The ground covered with blue cloth . . .
And the King came in with his Crowne . . .
and mond . . . and his sceptre in hand . . .
She’ll watch it again on the ten o’clock news
from the armchair throne in her living room:
did the cameras notice her coral pink hat
or her best coat pinned with the hero’s medal she got
for being herself? The invitation is propped
on the mantelpiece by the carriage clock.
She adorned the day with ordinariness;
she is blessed to have brought the extraordinary home.
And now she’ll remember the house sparrow
she thought she’d seen in the abbey roof
arcing from eave to eave, beyond and above.

That's the poem - 
What do YOU think of it?
[NB Pepys mentions a  mond/monde, meaning 'world', this is the orb located near the top of the crown. It represents, as the name suggests, the world that the monarch rules. It is the point at which a crown's arches meet. It is usually topped off either with a cross for Christian monarchs]


  1. That poem is just right. It expresses the awe and the ordinariness. Splendid.

  2. Simon Amitage is brilliant! We very much enjoyed doing the Words in the Air walks 'with him' around Northumberland. This poem is very evocative! Kxx

    1. Of course, you and your family know that area very well, so his words would hold special meaning, Kezzie 👍

  3. I have long had a great admiration for Simon Armitage and his poetry. He is from such an ordinary background himself. There are several contemporary references taken from the news in the second stanza, including the pandemic; I wonder if future generations will get them. I like the line: " her best coat pinned with the hero’s medal she got
    for being herself".

    1. Yes, there were some clever references. "Best coat" is a phrase which reminds me of my Mum, and those occasions where you had to Make An Effort with your clothes. This poem would make a good piece to be studied for an exam in a few years time!

  4. It is a wonderful poem.
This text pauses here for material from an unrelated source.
(* Let $t\ge1$ and $n=2t^2+2t+1$. Let $\mathcal{C}_0\subseteq\mathbb{Z}_n^2$ be a linear $t$-error-correcting perfect code with generator matrix $G=[a~~b]$, and let $\mathcal{C}=\mathbf{x}+\mathcal{C}_0$ for some $\mathbf{x}=(x_1,x_2)\in\mathbb{Z}_n^2$. Let $\mathcal{S}$ be the set of perfect Sudoku grids with respect to $\mathcal{C}$, $\bar{\mathcal{S}}$ the set of equivalence classes of $\mathcal{S}$ under relabeling, and \[ \mathcal{G}_\mathcal{S}=\langle \tau_2^{x_1+x_2+1}\tau_1^{x_1-x_2}r,\ \tau_1^a\tau_2^b\rangle. \] Then every orbit (equivalence class) of the induced action of $\mathcal{G}_\mathcal{S}$ on $\bar{\mathcal{S}}$ has size dividing $4n$.
   Context: $\mathbb{Z}_n$ is the integers modulo $n$; Lee weight of $\mathbf{u}\in\mathbb{Z}_n^2$ is $\sum_i\min\{u_i,n-u_i\}$, Lee distance $d_L(\mathbf{u},\mathbf{v})=\mathrm{wt}_L(\mathbf{u}-\mathbf{v})$. A linear code is a submodule of $\mathbb{Z}_n^2$, with generator matrix whose rows form a minimal spanning set. A code with minimum Lee distance $d$ is perfect if, with $t=\lfloor(d-1)/2\rfloor$, the Lee balls $\mathcal{B}_t(\mathbf{c})$ around codewords cover $\mathbb{Z}_n^2$; $t$-error-correcting means $d\ge2t+1$. For $n=2t^2+2t+1$ such a code has $n$ codewords $\mathbf{c}_1,\dots,\mathbf{c}_n$, and the palette grid $\mathcal{I}_\mathcal{C}$ is the $n\times n$ array (rows/columns indexed by $\mathbb{Z}_n$) with entry $i$ at each position $(x,y)\in\mathcal{B}_t(\mathbf{c}_i)$. Two $n\times n$ arrays over $n$-sets are orthogonal if all $n^2$ ordered pairs of corresponding entries are distinct. A perfect Sudoku grid with respect to $\mathcal{C}$ is a Latin square of order $n$ on $[n]=\{1,\dots,n\}$ orthogonal to $\mathcal{I}_\mathcal{C}$. Relabeling: $S_1\sim S_2$ iff there is a bijection $\sigma:[n]\to[n]$ with $\sigma((S_1)_{i,j})=(S_2)_{i,j}$ for all $i,j$. Maps on arrays (indices mod $n$): $(r(A))_{i,j}=A_{n-1-j,i}$, $(\tau_1(A))_{i,j}=A_{i-1,j}$, $(\tau_2(A))_{i,j}=A_{i,j-1}$; the generated group acts by $\varphi\cdot A=\varphi(A)$. Elements of $\mathcal{G}_\mathcal{S}$ map $\mathcal{S}$ into $\mathcal{S}$ and commute with relabeling, so $\mathcal{G}_\mathcal{S}$ acts on $\bar{\mathcal{S}}$. *)

theory Defs
  imports Main "HOL-Library.Product_Lexorder"
begin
How lovely to contrast the ordinary person with all the pomp and splendour. Just right I felt. Thank you for sharing, I would have missed it.

  5. It is an interesting poem. I like the focus on an ordinary woman, like so many of us who lead ordinary lives.

    1. Exactly [glad you liked the Sri Lankan leaf on the Anointing Screen too]

  6. How clever to write from that viewpoint, you can feel the wonder emanating from her.

    1. Oh what a lovely description - it fits well with Mary's "awe and ordinary" above

  7. What a wonderful poem and I love the perspective!

    1. I guess the majority of those reading the poem are ordinary, not high-powered, which is why it resonates.

  8. The poem is brilliant. Thanks for sharing it.

  9. Thank you for sharing this wonderful poem celebrating ordinary people called to witness the splendour of a coronation. Catriona

  10. What a perfectly worded poem. Ta for sharing this wonderwork!


  11. I love Simon Armitage. He is a genius. You feel like you know the lady. I read Claire Tomalin's biography of Pepys. It's excellent. He certainly lived a full life!

    1. Yes, I agree about both SA &CT !! Her book is brilliant

  12. That is a wonderful poem, a story in itself. Thanks for sharing it.

  13. I love the poem and the unusual perspective he chose to write it from. It just suits the occasion and the times we live in so well.

    1. I think it does suit the occasion AND these post COVID days, as you say. An excellent piece of work

  14. I'm a bit late commenting, but I really enjoyed this poem. When I first read it, I didn't know about the inclusion of Pepys' words. I wondered if it was supposed to represent a radio broadcast with poor reception! Good to have my confusion sorted out! I liked Simon Armitage's Winter Walk on the NE Coastal path as well. He seems a Good Sort. Love FD xx

    1. Pepys loved to use half sentences and enigmatic incomplete words in his diary.